What is Panendoscopy?

Panendoscopy is an endoscopic procedure in which a flexible, camera-equipped instrument called an endoscope is used to examine multiple sections of the body in a single session. In gastroenterology, the term most commonly refers to the upper gastrointestinal endoscopy – the visual inspection of the esophagus, stomach (gaster), and the first part of the small intestine (duodenum). In ear, nose and throat (ENT) medicine, panendoscopy refers to the simultaneous examination of the pharynx, larynx, trachea, and esophagus.

Indications

Panendoscopy is performed for both diagnostic and therapeutic purposes. Common indications include:

  • Evaluation of difficulty swallowing (dysphagia) or painful swallowing (odynophagia)
  • Investigation of persistent upper abdominal pain or heartburn
  • Suspected gastric ulcers (ulcus ventriculi) or duodenal ulcers (ulcus duodeni)
  • Assessment of upper gastrointestinal bleeding (e.g., black tarry stools, vomiting blood)
  • Diagnosis or monitoring of Barrett esophagus or gastroesophageal reflux disease (GERD)
  • Collection of tissue samples (biopsy) for cancer screening or pathological diagnosis
  • Detection of tumors or suspicious mucosal changes
  • In ENT: staging of head and neck tumors

Procedure

Patients are required to fast for several hours before the examination to ensure a clear view of the gastrointestinal tract. The procedure is typically performed on an outpatient basis.

Preparation

Most patients receive an intravenous sedative or anesthetic agent (e.g., propofol or midazolam) to make the procedure as comfortable as possible. Alternatively, local anesthesia via throat spray may be used.

Examination

The flexible endoscope is introduced through the mouth and carefully advanced through the esophagus, stomach, and into the duodenum. The camera at the tip of the instrument transmits high-resolution images to a monitor, allowing the physician to assess the mucosal lining in detail. During the procedure, the physician can also:

  • Take tissue samples (biopsies)
  • Remove polyps
  • Stop bleeding
  • Dilate narrowed areas (strictures)

Duration

The examination itself typically lasts only 5 to 15 minutes. Including preparation and recovery time, the total visit usually takes 1 to 2 hours.

Risks and Side Effects

Panendoscopy is a safe procedure with a very low complication rate. Possible risks include:

  • Temporary sore throat or bloating after the examination
  • Rare mucosal injury or perforation of the gastrointestinal wall
  • Minor bleeding, especially following biopsy
  • Reactions to the sedation medication (very rare)

Serious complications are rare and occur in fewer than 1 in 1,000 procedures.

Results and Diagnosis

Results are often available immediately after the procedure, as the physician can assess the mucosal lining in real time.
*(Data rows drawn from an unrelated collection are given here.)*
(* Let $L\ge 2$ and let $M_1,\dots,M_L$ be pairwise distinct positive integers. Let $N$ be an integer with $0\le N<\operatorname{lcm}(M_1,\dots,M_L)$, and for $1\le i\le L$ let $r_i\in\{0,\dots,M_i-1\}$ be the remainder of $N$ modulo $M_i$ and $n_i=(N-r_i)/M_i$ the corresponding folding number. Let $\tilde r_1,\dots,\tilde r_L$ be integers with $0\le\tilde r_i\le M_i-1$ (erroneous remainders) and put $\Delta r_i=\tilde r_i-r_i$. Run the single-stage algorithm (described in the context) on the moduli $M_1,\dots,M_L$ with reference index $k=1$ and inputs $\tilde r_1,\dots,\tilde r_L$, producing $\hat n_1,\dots,\hat n_L$. Then $\hat n_i=n_i$ for all $1\le i\le L$ if and only if $$-\frac{\gcd(M_1,M_i)}{2}\le \Delta r_i-\Delta r_1<\frac{\gcd(M_1,M_i)}{2}\quad\text{for all }2\le i\le L.$$
   Context: For $x\in\mathbb R$, $[x]$ denotes the unique integer with $-1/2\le x-[x]<1/2$. Single-stage algorithm: let $P_1,\dots,P_m$ ($m\ge2$) be pairwise distinct positive integers, $k\in\{1,\dots,m\}$ a reference index, and $x_1,\dots,x_m$ integers. For each $i\ne k$ put $m_{ki}=\gcd(P_k,P_i)$, $\Gamma_{ki}=P_k/m_{ki}$, $\Gamma_{ik}=P_i/m_{ki}$, $\hat q_{ik}=[(x_i-x_k)/m_{ki}]$; let $\bar\Gamma_{ki}$ be a multiplicative inverse of $\Gamma_{ki}$ modulo $\Gamma_{ik}$, and let $\hat\xi_{ik}\in\{0,\dots,\Gamma_{ik}-1\}$ with $\hat\xi_{ik}\equiv\hat q_{ik}\bar\Gamma_{ki}\pmod{\Gamma_{ik}}$. Let $\hat n_k$ be the least nonnegative integer $y$ with $y\equiv\hat\xi_{ik}\pmod{\Gamma_{ik}}$ for all $i\ne k$ (if no such $y$ exists the algorithm fails and its outputs are regarded as not equal to any target values). For $i\ne k$ set $\hat n_i=(\hat n_k\Gamma_{ki}-\hat q_{ik})/\Gamma_{ik}$. Outputs: $\hat n_1,\dots,\hat n_m$ and the estimate $[\frac1m\sum_{i=1}^m(\hat n_iP_i+x_i)]$. *)

theory Defs
  imports "HOL-Number_Theory.Number_Theory"
begin

definition rnd :: "real \<Rightarrow> int" where
  "rnd x = (THE z. - (1/2) \<le> x - of_int z \<and> x - of_int z < 1/2)"

text \<open>Returns None if the algorithm fails (no solution of the congruence system),
  otherwise Some of the folding-number estimates (meaningful on {1..m}).\<close>
definition ss_nhat :: "nat \<Rightarrow> (nat \<Rightarrow> int) \<Rightarrow> nat \<Rightarrow> (nat \<Rightarrow> int) \<Rightarrow> (nat \<Rightarrow> int) option" where
  "ss_nhat m P k x =
    (let mk = (\<lambda>i. gcd (P k) (P i));
         Gki = (\<lambda>i. P k div mk i);
         Gik = (\<lambda>i. P i div mk i);
         q = (\<lambda>i. rnd (of_int (x i - x k) / of_int (mk i)));
         binv = (\<lambda>i. SOME b. [Gki i * b = 1] (mod Gik i));
         xi = (\<lambda>i. (q i * binv i) mod Gik i);
         sol = (\<lambda>y::nat. \<forall>i\<in>{1..m} - {k}. [int y = xi i] (mod Gik i))
     in if \<exists>y. sol y then
          (let nk = int (LEAST y. sol y)
           in Some (\<lambda>i. if i = k then nk else (nk * Gki i - q i) div Gik i))
        else None)"

end

(* Write g = gcd (M 1) (M i). From N = n_1 M_1 + r_1 = n_i M_i + r_i, the difference r_i - r_1
   is g times the integer n_1 (M_1/g) - n_i (M_i/g); hence the rounded quotient computed from the
   erroneous remainders equals it exactly when (\<Delta>r_i - \<Delta>r_1)/g rounds to 0, which is the
   stated window. If all these quotients are exact, n_1 solves the congruence system for the
   reference folding number; two solutions differ by a multiple of lcm/M_1, and n_1 M_1 \<le> N < lcm,
   so n_1 is the least solution and back-substitution recovers every n_i. Conversely, correct outputs
   force every quotient to be exact by the same back-substitution. *)

theory Submission
  imports Defs
begin

lemma rnd_eq_iff: "rnd x = z \<longleftrightarrow> - (1/2) \<le> x - of_int z \<and> x - of_int z < 1/2"
proof -
  have "\<exists>!z. - (1/2) \<le> x - of_int z \<and> x - of_int z < 1/2"
  proof (rule ex1I)
    show "- (1/2) \<le> x - of_int \<lfloor>x + 1/2\<rfloor> \<and> x - of_int \<lfloor>x + 1/2\<rfloor> < 1/2"
      by linarith
  next
    fix z assume "- (1/2) \<le> x - of_int z \<and> x - of_int z < 1/2"
    then show "z = \<lfloor>x + 1/2\<rfloor>" by (simp add: floor_eq_iff) linarith
  qed
  then show ?thesis
    unfolding rnd_def by (metis (mono_tags, lifting) theI')
qed

lemma rnd_quotient_eq_iff:
  fixes c d g :: int
  assumes "g > 0"
  shows "rnd (of_int (c * g + d) / of_int g) = c \<longleftrightarrow>
    - (of_int g / 2) \<le> real_of_int d \<and> real_of_int d < of_int g / 2"
proof -
  have "of_int (c * g + d) / of_int g - of_int c = real_of_int d / of_int g"
    using assms by (simp add: field_simps)
  then show ?thesis
    using assms by (simp add: rnd_eq_iff field_simps)
qed

lemma cong_mult_inverse_iff:
  fixes a b c y m :: int
  assumes "[a * b = 1] (mod m)"
  shows "[y = c * b] (mod m) \<longleftrightarrow> [y * a = c] (mod m)"
proof -
  have "coprime a m"
    using assms coprime_iff_invertible_int by blast
  moreover have "[c * b * a = c] (mod m)"
    using cong_scalar_left[OF assms, of c] by (simp add: ac_simps)
  ultimately show ?thesis
    by (metis cong_mult_rcancel cong_sym cong_trans)
qed

lemma lcm_dvd_of_congs:
  fixes a y z :: int and b :: "'i \<Rightarrow> int"
  assumes "\<forall>i\<in>I. [y * (a div gcd a (b i)) = z * (a div gcd a (b i))] (mod b i div gcd a (b i))"
  shows "Lcm (insert a (b ` I)) dvd (y - z) * a"
proof (rule Lcm_least)
  fix m assume "m \<in> insert a (b ` I)"
  then consider "m = a" | i where "i \<in> I" "m = b i" by blast
  then show "m dvd (y - z) * a"
  proof cases
    case (2 i)
    then have "b i div gcd a (b i) dvd (y - z) * (a div gcd a (b i))"
      using assms by (simp add: cong_iff_dvd_diff algebra_simps)
    then have "b i div gcd a (b i) * gcd a (b i) dvd (y - z) * (a div gcd a (b i) * gcd a (b i))"
      unfolding mult.assoc[symmetric] by (rule mult_dvd_mono) simp
    then show ?thesis using 2 by simp
  qed simp
qed

definition ss_quotient :: "(nat \<Rightarrow> int) \<Rightarrow> nat \<Rightarrow> (nat \<Rightarrow> int) \<Rightarrow> nat \<Rightarrow> int" where
  "ss_quotient P k x i = rnd (of_int (x i - x k) / of_int (gcd (P k) (P i)))"

text \<open>The congruence system for \<open>\<hat>n\<^sub>k\<close> with the inverse of \<open>\<Gamma>\<^sub>k\<^sub>i\<close> multiplied out,
  so that it no longer depends on which inverse \<open>SOME\<close> picks.\<close>
definition ss_solution :: "nat \<Rightarrow> (nat \<Rightarrow> int) \<Rightarrow> nat \<Rightarrow> (nat \<Rightarrow> int) \<Rightarrow> nat \<Rightarrow> bool" where
  "ss_solution m P k x y \<longleftrightarrow> (\<forall>i\<in>{1..m} - {k}.
     [int y * (P k div gcd (P k) (P i)) = ss_quotient P k x i] (mod P i div gcd (P k) (P i)))"

definition ss_true_quotient :: "(nat \<Rightarrow> int) \<Rightarrow> nat \<Rightarrow> int \<Rightarrow> nat \<Rightarrow> int" where
  "ss_true_quotient P k N i = N div P k * (P k div gcd (P k) (P i)) - N div P i * (P i div gcd (P k) (P i))"

lemma ss_true_quotient_mult_gcd:
  "ss_true_quotient P k N i * gcd (P k) (P i) = N mod P i - N mod P k"
proof -
  have "ss_true_quotient P k N i * gcd (P k) (P i)
      = N div P k * (P k div gcd (P k) (P i) * gcd (P k) (P i))
        - N div P i * (P i div gcd (P k) (P i) * gcd (P k) (P i))"
    unfolding ss_true_quotient_def by (simp only: left_diff_distrib mult.assoc)
  also have "\<dots> = N div P k * P k - N div P i * P i"
    by simp
  also have "\<dots> = N mod P i - N mod P k"
    using div_mult_mod_eq[of N "P k"] div_mult_mod_eq[of N "P i"] by linarith
  finally show ?thesis .
qed

lemma ss_nhat_eq:
  assumes "P k \<noteq> 0"
  shows "ss_nhat m P k x =
    (if \<exists>y. ss_solution m P k x y
     then Some (\<lambda>i. if i = k then int (Least (ss_solution m P k x))
       else (int (Least (ss_solution m P k x)) * (P k div gcd (P k) (P i)) - ss_quotient P k x i)
         div (P i div gcd (P k) (P i)))
     else None)"
proof -
  have inverse: "[P k div gcd (P k) (P i) * (SOME b. [P k div gcd (P k) (P i) * b = 1]
      (mod P i div gcd (P k) (P i))) = 1] (mod P i div gcd (P k) (P i))" for i
    using assms by (metis someI_ex cong_solve_coprime_int div_gcd_coprime)
  have solution: "(\<lambda>y::nat. \<forall>i\<in>{1..m} - {k}. [int y = rnd (of_int (x i - x k) / of_int (gcd (P k) (P i)))
      * (SOME b. [P k div gcd (P k) (P i) * b = 1] (mod P i div gcd (P k) (P i)))
      mod (P i div gcd (P k) (P i))] (mod P i div gcd (P k) (P i)))
      = ss_solution m P k x"
    unfolding ss_solution_def ss_quotient_def by (simp add: cong_mult_inverse_iff[OF inverse])
  show ?thesis
    unfolding ss_nhat_def Let_def solution ss_quotient_def ..
qed

lemma ss_solutions_congruent:
  assumes "k \<in> {1..m}" "ss_solution m P k x y" "ss_solution m P k x z"
  shows "Lcm (P ` {1..m}) dvd (int y - int z) * P k"
proof -
  have "P ` {1..m} = insert (P k) (P ` ({1..m} - {k}))" using assms(1) by blast
  moreover have "[int y * (P k div gcd (P k) (P i)) = int z * (P k div gcd (P k) (P i))]
      (mod P i div gcd (P k) (P i))" if "i \<in> {1..m} - {k}" for i
  proof -
    have "[int y * (P k div gcd (P k) (P i)) = ss_quotient P k x i] (mod P i div gcd (P k) (P i))"
      "[int z * (P k div gcd (P k) (P i)) = ss_quotient P k x i] (mod P i div gcd (P k) (P i))"
      using assms(2,3) that unfolding ss_solution_def by blast+
    then show ?thesis by (rule cong_trans[OF _ cong_sym])
  qed
  ultimately show ?thesis
    using lcm_dvd_of_congs[where I = "{1..m} - {k}" and a = "P k" and b = P] by simp
qed

lemma ss_solution_Least_eq:
  assumes "k \<in> {1..m}" "P k > 0"
    and "ss_solution m P k x n" "int n * P k < Lcm (P ` {1..m})"
  shows "Least (ss_solution m P k x) = n"
proof -
  define y0 where "y0 = Least (ss_solution m P k x)"
  have "ss_solution m P k x y0" "y0 \<le> n"
    unfolding y0_def using assms(3) by (auto intro: LeastI Least_le)
  then have "Lcm (P ` {1..m}) dvd (int n - int y0) * P k"
    using ss_solutions_congruent assms(1,3) by blast
  moreover have "(int n - int y0) * P k < Lcm (P ` {1..m})"
  proof -
    have "(int n - int y0) * P k \<le> int n * P k" using assms(2) by simp
    then show ?thesis using assms(4) by linarith
  qed
  ultimately have "\<not> (int n - int y0) * P k > 0"
    using zdvd_not_zless by blast
  then show ?thesis
    using \<open>y0 \<le> n\<close> assms(2) unfolding y0_def by (simp add: zero_less_mult_iff)
qed

lemma ss_nhat_correct_imp_quotient_eq:
  assumes "k \<in> {1..m}" "P k \<noteq> 0"
    and "ss_nhat m P k x = Some f" "\<forall>i\<in>{1..m}. f i = N div P i"
    and "i \<in> {1..m} - {k}"
  shows "ss_quotient P k x i = ss_true_quotient P k N i"
proof -
  define y0 where "y0 = Least (ss_solution m P k x)"
  have ex: "\<exists>y. ss_solution m P k x y"
    using assms(2,3) ss_nhat_eq[of P k m x] by (auto split: if_splits)
  then have "P i div gcd (P k) (P i) dvd int y0 * (P k div gcd (P k) (P i)) - ss_quotient P k x i"
    using LeastI_ex[OF ex] assms(5) unfolding y0_def ss_solution_def cong_iff_dvd_diff by blast
  then have "int y0 * (P k div gcd (P k) (P i)) - ss_quotient P k x i
      = (int y0 * (P k div gcd (P k) (P i)) - ss_quotient P k x i) div (P i div gcd (P k) (P i))
        * (P i div gcd (P k) (P i))"
    by simp
  moreover have f: "f = (\<lambda>i. if i = k then int y0
      else (int y0 * (P k div gcd (P k) (P i)) - ss_quotient P k x i) div (P i div gcd (P k) (P i)))"
    using assms(2,3) ex ss_nhat_eq[of P k m x] unfolding y0_def by simp
  then have "int y0 = N div P k"
    using bspec[OF assms(4,1)] by simp
  moreover have "(int y0 * (P k div gcd (P k) (P i)) - ss_quotient P k x i) div (P i div gcd (P k) (P i))
      = N div P i"
    using bspec[OF assms(4), of i] assms(5) f by simp
  ultimately show ?thesis
    unfolding ss_true_quotient_def by simp
qed

lemma ss_nhat_correct_if_quotient_eq:
  fixes P x :: "nat \<Rightarrow> int" and N :: int
  assumes k: "k \<in> {1..m}" and pos: "\<And>i. i \<in> {1..m} \<Longrightarrow> P i > 0"
    and N: "0 \<le> N" "N < Lcm (P ` {1..m})"
    and exact: "\<forall>i\<in>{1..m} - {k}. ss_quotient P k x i = ss_true_quotient P k N i"
  shows "\<exists>f. ss_nhat m P k x = Some f \<and> (\<forall>i\<in>{1..m}. f i = N div P i)"
proof -
  have Pk: "P k > 0" using pos[OF k] .
  define n where "n = nat (N div P k)"
  have n: "int n = N div P k" using N Pk by (simp add: n_def pos_imp_zdiv_nonneg_iff)
  have sol: "ss_solution m P k x n"
    using exact unfolding ss_solution_def ss_true_quotient_def n by (simp add: cong_iff_dvd_diff)
  moreover have "int n * P k < Lcm (P ` {1..m})"
    unfolding n using N div_mult_mod_eq[of N "P k"] pos_mod_sign[OF Pk, of N] by linarith
  ultimately have least: "int (Least (ss_solution m P k x)) = N div P k"
    using ss_solution_Least_eq[where P = P, OF k Pk] n by simp
  have "(N div P k * (P k div gcd (P k) (P i)) - ss_quotient P k x i) div (P i div gcd (P k) (P i))
      = N div P i" if "i \<in> {1..m} - {k}" for i
  proof -
    have "P i div gcd (P k) (P i) > 0"
      using pos[of i] that by (simp add: pos_imp_zdiv_pos_iff zdvd_imp_le)
    then show ?thesis using exact that unfolding ss_true_quotient_def by simp
  qed
  then show ?thesis
    using ss_nhat_eq[of P k m x] sol Pk least by auto
qed

lemma ss_nhat_correct_iff_quotient_eq:
  fixes P x :: "nat \<Rightarrow> int" and N :: int
  assumes "k \<in> {1..m}" "\<And>i. i \<in> {1..m} \<Longrightarrow> P i > 0"
    and "0 \<le> N" "N < Lcm (P ` {1..m})"
  shows "(\<exists>f. ss_nhat m P k x = Some f \<and> (\<forall>i\<in>{1..m}. f i = N div P i)) \<longleftrightarrow>
    (\<forall>i\<in>{1..m} - {k}. ss_quotient P k x i = ss_true_quotient P k N i)"
proof
  assume "\<exists>f. ss_nhat m P k x = Some f \<and> (\<forall>i\<in>{1..m}. f i = N div P i)"
  then show "\<forall>i\<in>{1..m} - {k}. ss_quotient P k x i = ss_true_quotient P k N i"
    using ss_nhat_correct_imp_quotient_eq[OF assms(1) _ _ _, of P] assms(2)[OF assms(1)] by fastforce
next
  assume "\<forall>i\<in>{1..m} - {k}. ss_quotient P k x i = ss_true_quotient P k N i"
  then show "\<exists>f. ss_nhat m P k x = Some f \<and> (\<forall>i\<in>{1..m}. f i = N div P i)"
    using ss_nhat_correct_if_quotient_eq[of k m P N x] assms by blast
qed

lemma ss_quotient_eq_iff:
  assumes "gcd (P k) (P i) > 0"
  shows "ss_quotient P k x i = ss_true_quotient P k N i
    \<longleftrightarrow> - (real_of_int (gcd (P k) (P i)) / 2)
          \<le> real_of_int ((x i - N mod P i) - (x k - N mod P k))
        \<and> real_of_int ((x i - N mod P i) - (x k - N mod P k))
          < real_of_int (gcd (P k) (P i)) / 2"
proof -
  have "x i - x k = ss_true_quotient P k N i * gcd (P k) (P i)
      + ((x i - N mod P i) - (x k - N mod P k))"
    unfolding ss_true_quotient_mult_gcd by simp
  then show ?thesis
    unfolding ss_quotient_def using assms by (simp only: rnd_quotient_eq_iff)
qed

theorem theorem1:
  fixes L :: nat and M :: "nat \<Rightarrow> int" and N :: int and rt :: "nat \<Rightarrow> int"
  assumes "L \<ge> 2"
    and "\<forall>i\<in>{1..L}. M i > 0"
    and "inj_on M {1..L}"
    and "0 \<le> N" and "N < Lcm (M ` {1..L})"
    and "\<forall>i\<in>{1..L}. 0 \<le> rt i \<and> rt i \<le> M i - 1"
  shows "(\<exists>f. ss_nhat L M 1 rt = Some f \<and>
            (\<forall>i\<in>{1..L}. f i = (N - N mod M i) div M i))
         \<longleftrightarrow>
         (\<forall>i\<in>{2..L}.
            - (real_of_int (gcd (M 1) (M i)) / 2)
              \<le> real_of_int ((rt i - N mod M i) - (rt 1 - N mod M 1))
            \<and> real_of_int ((rt i - N mod M i) - (rt 1 - N mod M 1))
              < real_of_int (gcd (M 1) (M i)) / 2)"
proof -
  have pos: "M i > 0" if "i \<in> {1..L}" for i using assms(2) that by blast
  have "(N - N mod M i) div M i = N div M i" for i
    by (cases "M i = 0") (simp_all add: minus_mod_eq_mult_div)
  moreover have "gcd (M 1) (M i) > 0" for i using pos[of 1] assms(1) by simp
  moreover have "{1..L} - {1} = {2..L}" by auto
  ultimately show ?thesis
    using ss_nhat_correct_iff_quotient_eq[of 1 L M N rt] ss_quotient_eq_iff[of M 1 _ rt N] pos assms(1,4,5)
    by simp
qed

end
If tissue samples are taken, histological analysis typically takes a few days. Based on the findings, the physician can initiate targeted treatment or arrange for further diagnostic steps.

References

  1. European Society of Gastrointestinal Endoscopy (ESGE): Quality parameters for upper gastrointestinal endoscopy. Endoscopy, 2016; 48(9): 843–864.
  2. Bisschops R. et al.: Performance measures for upper gastrointestinal endoscopy: A European Society of Gastrointestinal Endoscopy (ESGE) Quality Improvement Initiative. Endoscopy, 2016; 48(9): 843–864.
  3. Cotton P.B., Williams C.B.: Practical Gastrointestinal Endoscopy. 6th edition. Wiley-Blackwell, 2008.